Now the computation period during which such loss ratio is measured has been elongated under the proposed regulation supposedly to allow for some lenity. As the purpose of the proposed regulation is to “identify transactions involving circumstances inconsistent with insurance in the commonly accepted sense,” the pricing of premiums “far in excess of what is reasonably needed to fund insurance operations results in a lower loss ratio and is a strong indicator of abuse.” In the Federal Register explanation of the proposed regulation, the IRS accepts the possibility, however, that a captive insurance company with a loss history of fewer than ten taxable years could have a loss ratio below 65 percent, which result may not be due to abuse. Using a computation period of ten taxable years or greater in determining the loss ratio factor “allows Captives significant time to develop a reasonable loss history that supports the use of Captive for legitimate insurance purposes.”
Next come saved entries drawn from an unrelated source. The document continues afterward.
text \<open>Points with different symbols lie on opposite sides of \<open>p\<close>.\<close>
lemma sep_le_dist:
  assumes "x \<in> trapped" "y \<in> trapped" "itin x i \<noteq> itin y i"
  shows "sep \<le> dist ((g ^^ i) x) ((g ^^ i) y)"
proof -
  have x: "(g ^^ i) x \<in> trapped" and y: "(g ^^ i) y \<in> trapped"
    using assms g_pow_trapped by auto
  have "sep \<le> dist p ((g ^^ i) x)" "sep \<le> dist p ((g ^^ i) y)"
    unfolding sep_def using x y by (auto intro: infdist_le)
  moreover have "(g ^^ i) x \<in> {u..v}" "(g ^^ i) y \<in> {u..v}" using x y trapped_subset by auto
  then have "(g ^^ i) x < p \<and> p \<le> (g ^^ i) y \<or> (g ^^ i) y < p \<and> p \<le> (g ^^ i) x"
    using assms(3) unfolding itin_def by auto
  ultimately show ?thesis unfolding dist_real_def by linarith
qed

lemma continuous_itin:
  assumes "y \<in> trapped" "0 < e"
  shows "\<exists>d>0. \<forall>z\<in>trapped. dist z y < d \<longrightarrow> sigma_dist (itin z) (itin y) < e"
proof -
  obtain N where N: "(1/2::real) ^ N < e / 2"
    using real_arch_pow_inv[of "e / 2" "1 / 2"] assms(2) by auto
  have "\<forall>\<^sub>F z in at y. \<forall>i\<in>{..<N}. dist ((g ^^ i) z) ((g ^^ i) y) < sep"
    using isCont_g_pow sep_pos
      by (intro eventually_ball_finite) (auto intro: tendstoD simp: isCont_def)
  then obtain d where d: "d > 0"
    "\<And>z. z \<noteq> y \<Longrightarrow> dist z y < d \<Longrightarrow> \<forall>i<N. dist ((g ^^ i) z) ((g ^^ i) y) < sep"
    unfolding eventually_at by auto
  have "sigma_dist (itin z) (itin y) < e" if z: "z \<in> trapped" "dist z y < d" for z
  proof -
    have "\<forall>i<N. itin z i = itin y i"
    proof (cases "z = y")
      case False
      then show ?thesis using d(2)[OF False z(2)] sep_le_dist[OF z(1) assms(1)] by (meson not_le)
    qed simp
    then have "sigma_dist (itin z) (itin y) \<le> 2 * (1/2) ^ N" by (rule sigma_dist_le_if_prefix_eq)
    then show ?thesis using N by linarith
  qed
  then show ?thesis using d(1) by blast
qed

lemma BC_chaotic:
  assumes "{u..v} \<subseteq> X"
  shows "BC_chaotic X f"
  unfolding BC_chaotic_def
proof (intro exI[of _ 2] conjI exI[of _ trapped] exI[of _ itin])
  show "trapped \<subseteq> X" using trapped_subset assms by blast
  show "(f ^^ 2) ` trapped \<subseteq> trapped" using g_trapped unfolding g_def by auto
  show "\<forall>y\<in>trapped. itin ((f ^^ 2) y) = shift (itin y)" using itin_g unfolding g_def by blast
  show "\<forall>y\<in>trapped. \<forall>e>0. \<exists>d>0. \<forall>z\<in>trapped. dist z y < d \<longrightarrow> sigma_dist (itin z) (itin y) < e"
    using continuous_itin by blast
qed (simp_all add: compact_trapped itin_surj)

subsection \<open>Thin fibres and Li--Yorke chaos\<close>

lemma fibre_between:
  assumes "x \<in> fibre \<alpha>" "z \<in> fibre \<alpha>" "x \<le> t" "t \<le> z"
  shows "t \<in> fibre \<alpha>"
proof -
  have x: "(g ^^ i) x \<in> lap (\<alpha> i)" and z: "(g ^^ i) z \<in> lap (\<alpha> i)" for i
    using assms(1,2) unfolding fibre_def by auto
  have "min ((g ^^ i) x) ((g ^^ i) z) \<le> (g ^^ i) t \<and>
      (g ^^ i) t \<le> max ((g ^^ i) x) ((g ^^ i) z)" for i
  proof (induction i)
    case 0
    then show ?case using assms(3,4) by simp
  next
    case (Suc i)
    then have "(g ^^ i) t \<in> lap (\<alpha> i)" using lap_between[OF x z] by blast
    then show ?case using monotonic_on_between[OF monotonic_on_lap x z] Suc by simp
  qed
  then show ?thesis unfolding fibre_def using lap_between[OF x z] by blast
qed

definition thick :: "(nat \<Rightarrow> bool) set" where
  "thick = {\<alpha>. \<exists>x y. x \<in> fibre \<alpha> \<and> y \<in> fibre \<alpha> \<and> x < y}"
Thus, for a captive insurance company in existence fewer than ten taxable years, including short taxable years and taxable years of predecessor entities, these “listed transaction” provisions do not apply. But while a captive insurance company in existence fewer than ten taxable years may avoid the definition of a micro-captive “listed transaction,” it may still default to a “transaction of interest,” because the applicable computation period is “the most recent nine taxable years, or the entire period of the Captive’s existence if Captive has been in existence for less than nine taxable years.” Prop. Treas. Reg. § 1.6011-11(b)(2).
The proposed regulation also expands on Notice 2016-66’s definition of a captive by providing that derivatives and interests in the assets of the captive are now to be taken into account in meeting the 20 percent related-interest threshold. Prop. Treas. Reg. §§ 1.6011-10(b)(1)(A)-(C) and 1.6011-11(b)(1). The IRS had found transactions were being structured so that the insured company, the owners, or related persons without a direct or indirect interest in the captive’s voting power or value or its outstanding stock or equity interests, were nonetheless obtaining substantially similar benefits and risk, and so improperly avoiding the 20 percent threshold.
Probably the most dramatic change in the proposed regulation is the creation of an exception for Consumer Coverage arrangements. Prop. Treas. Reg. §§ 1.6011-10(d)(2) and 1.6011-11(d)(2). According to the professional literature, the provision was primarily lobbied for by automobile dealer groups, and, hence, they are specifically mentioned in the text of the regulation, along with references to “extended warranties.” But the broad intent behind the exception appears to be that where the unrelated customer is the ultimate beneficiary, the risk of abuse is low. See IRS Hearing Transcript on Microcaptive Transactions, Tax Notes Today, July 19, 2023. But it is a good question of whether this exception is anything but a king-size “comfort ruling” dearly paid for by an industry group, as such covered scenarios would have likely fallen outside the general definitions anyway.
The IRS hinted that the proposed regulation would be finalized before the end of 2023, which did not come to pass. So, once again, taxpayers are in limbo, both the place and the game.